Однако же в самый день похорон нас всех ждало нечто ужасно волнующее. Старый мистер Понтифик, согласно обычаю, к началу века ещё не вышедшему из обихода, разослал каждому жителю деревни по грошовой булочке; такие булочки назывались поминальными. Мы никогда прежде не слыхивали об этом обычае, и хотя часто слышали упоминания о грошовых булочках, в глаза их не видели тоже; и более того, это были дары нам как жителям деревни, то есть нас тем самым ставили в один ряд с взрослыми — ведь и нашим родителям, и слугам тоже прислали по булочке, и тоже только по одной. Мы дотоле и не подозревали, что мы — самые настоящие жители; ну, и, наконец, эти булочки были свежеиспечённые, а мы страсть как любили свежеиспечённый хлеб, который нам если и давали, то очень нечасто, считая его вредным для желудка.

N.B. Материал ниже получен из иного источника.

lemma quartic_not_monogenic:
  fixes \<alpha> :: complex
  assumes irr: "irreducible (map_poly (of_int :: int \<Rightarrow> rat) (quartic A B C))"
    and root: "poly (map_poly of_int (quartic A B C)) \<alpha> = 0"
  shows "\<not> monogenic (simple_ext_Q \<alpha>)"
proof
  assume "monogenic (simple_ext_Q \<alpha>)"
  moreover have "0 < degree (map_poly (of_int :: int \<Rightarrow> rat) (quartic A B C))"
    by (simp add: degree_quartic)
  moreover have "poly (map_poly of_rat (map_poly (of_int :: int \<Rightarrow> rat) (quartic A B C))) \<alpha> = 0"
    using root by (simp add: map_poly_map_poly o_def)
  ultimately obtain \<theta> r where OK: "int_poly_ring \<theta> = {z \<in> simple_ext_Q \<alpha>. algebraic_int z}"
    and r: "content r = 1" "degree r = 4" "poly (map_poly of_int r) \<theta> = 0"
    by (rule monogenic_simple_ext_QE) (simp add: degree_quartic)
  have in_OK: "z \<in> int_poly_ring \<theta>" if "z = poly (map_poly of_rat p) \<alpha>" "algebraic_int z" for z p
    using that unfolding OK simple_ext_Q_def by blast
  define \<gamma> where "\<gamma> = (\<alpha> ^ 3 + 4 * \<alpha>\<^sup>2 + 6 * \<alpha> + 3) / 2"
  define e where "e = \<alpha>\<^sup>2 + 3 * \<alpha> + 3"
  have \<alpha>: "\<alpha> \<in> int_poly_ring \<theta>"
    by (rule in_OK[of _ "[:0, 1:]", OF _ quartic_root_algebraic_int(1)[OF root]])
      (simp add: of_rat_hom.map_poly_pCons_hom)
  have \<gamma>: "\<gamma> \<in> int_poly_ring \<theta>"
  proof (rule in_OK)
    show "\<gamma> = poly (map_poly of_rat [:3/2, 3, 2, 1/2:]) \<alpha>"
      by (simp add: \<gamma>_def field_simps power2_eq_square power3_eq_cube of_rat_divide
          of_rat_hom.map_poly_pCons_hom)
    show "algebraic_int \<gamma>" unfolding \<gamma>_def by (rule quartic_root_algebraic_int(2)[OF root])
  qed
  have e: "e \<in> int_poly_ring \<theta>"
    unfolding e_def power2_eq_square using \<alpha> by (intro int_poly_ring_intros)
  have "e\<^sup>2 - e = 2 * (\<gamma> * (\<alpha> + 2))"
    unfolding e_def \<gamma>_def by (simp add: algebra_simps power2_eq_square power3_eq_cube)
  moreover have "\<gamma> * (\<alpha> + 2) \<in> int_poly_ring \<theta>" using \<alpha> \<gamma> by (intro int_poly_ring_intros)
  ultimately have "e\<^sup>2 - e \<in> (*) 2 ` int_poly_ring \<theta>" by simp
  then have "e \<in> (*) 2 ` int_poly_ring \<theta> \<or> e - 1 \<in> (*) 2 ` int_poly_ring \<theta>"
    using r(1) r(2)[THEN eq_refl] r(3) \<alpha> root reduce2_quartic_root \<gamma> quartic_gamma_square[OF root]
      odd_gamma_poly_at_1 e
    unfolding \<gamma>_def by (intro idempotent_mod_2_trivial)
  moreover have "z \<notin> (*) 2 ` int_poly_ring \<theta>" if "\<not> algebraic_int (z / 2)" for z
    using that unfolding OK by auto
  moreover have "e - 1 = \<alpha>\<^sup>2 + 3 * \<alpha> + 2" by (simp add: e_def)
  ultimately show False using quartic_halves_not_algebraic_int[OF irr root] by (metis e_def)
qed

theorem corollary2p2:
  fixes a b c :: int and \<alpha> :: complex
  defines "F \<equiv> [:c, b, 0, a, 1:] :: int poly"
  assumes irr: "irreducible (map_poly (of_int :: int \<Rightarrow> rat) F)"
    and root: "poly (map_poly of_int F) \<alpha> = 0"
    and cases: "(a mod 8 = 1 \<and> b mod 8 = 3 \<and> c mod 8 = 7)
             \<or> (a mod 8 = 5 \<and> ((b mod 8 = 3 \<and> c mod 8 = 3)
                                   \<or> (b mod 8 = 7 \<and> c mod 8 = 7)))
             \<or> (a mod 8 = 7 \<and> c mod 8 = 7 \<and> b mod 8 = 5)"
  shows "\<not> monogenic (simple_ext_Q \<alpha>)"
proof -
  have "odd a" "4 dvd b - a - 2" "8 dvd c - a - b - 3" using cases by presburger+
  then obtain A B C where "a = 1 + 2 * A" "b - a - 2 = 4 * B" "c - a - b - 3 = 8 * C"
    by (auto elim!: oddE dvdE)
  then have "F = quartic A B C" by (simp add: F_def quartic_def algebra_simps)
  then show ?thesis using quartic_not_monogenic irr root by simp
qed

end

Таким образом, нашей привязанности к старому другу пришлось выдерживать атаки со стороны сразу нескольких врагов: археологического любопытства; прав гражданства и собственности; доставляемого булочками удовольствия для глаз, языка и желудка; наконец, ощущения собственной важности, внушаемого тем обстоятельством, что мы состояли в близких отношениях с человеком, который на самом деле, взаправду умер.

По более тщательном рассмотрении стало очевидным, что ни у кого из нас не было особых причин ожидать скорой смерти, и, коли так, нас скорее грела мысль о том, что на погост унесут кого-то другого; мы, следственно, в очень короткое время перешли от крайней степени подавленности к не меньшей степени радостного возбуждения; новое небо и новая земля явлены были нам, когда мы осознали возможности попользоваться на счёт смерти наших друзей и знакомых; должен признаться, что мы ещё какое-то время пристально приглядывались к тем из наших односельчан, чьё состояние здоровья давало надежду или, по крайней мере, не исключало возможность еще раз вкусить поминальных булочек.

В те времена всё большое виделось нам безмерно далёким, и мы были поражены, когда выяснилось, что Наполеон Бонапарт — на самом деле, живой и ныне здравствующий человек. Мы считали, что такая великая личность могла жить только очень давно, и вдруг — извольте, вот он, у самого, можно сказать, нашего порога. Это прибавляло убедительности теории о том, что Судный день может быть гораздо ближе, чем мы думали; однако нянька сказала, что всё пока в порядке, а она-то уж знала, что говорила.

В те времена снег лежал дольше и заваливал улицы глубже, чем сейчас, и молоко зимой приносили иногда замерзшим, и нас пускали в заднюю кухню, чтобы на него посмотреть. Я полагаю, и сейчас там и сям по стране есть дома приходских священников, куда молоко зимой приносят временами замерзшим, и детей пускают на кухню посмотреть на него, но никогда, никогда не вижу я замерзшего молока в Лондоне, так что, полагаю я, зимы теперь теплее, чем были когда-то.

Примерно год спустя после смерти жены мистер Понтифик тоже приложился к отцам своим[12]. Мой отец виделся с ним за день до его смерти. У старика было какое-то особое отношение к закатам; он выстроил у окружающей огород стены две ступени, и всякий раз в ясную погоду взбирался на них, чтобы наблюдать заход солнца. Мой отец наткнулся на него как раз в закатное время; он стоял, облокотившись на верх стены, лицом к солнцу, заходившему за край поля, через которое пролегала тропинка, где шёл мой отец. Отец услышал, как он произнёс: «Прощай, солнце, прощай», — как раз с последним лучом солнца, и по его тону и осанке понял, что тому очень плохо. Ещё прежде следующего заката его не стало.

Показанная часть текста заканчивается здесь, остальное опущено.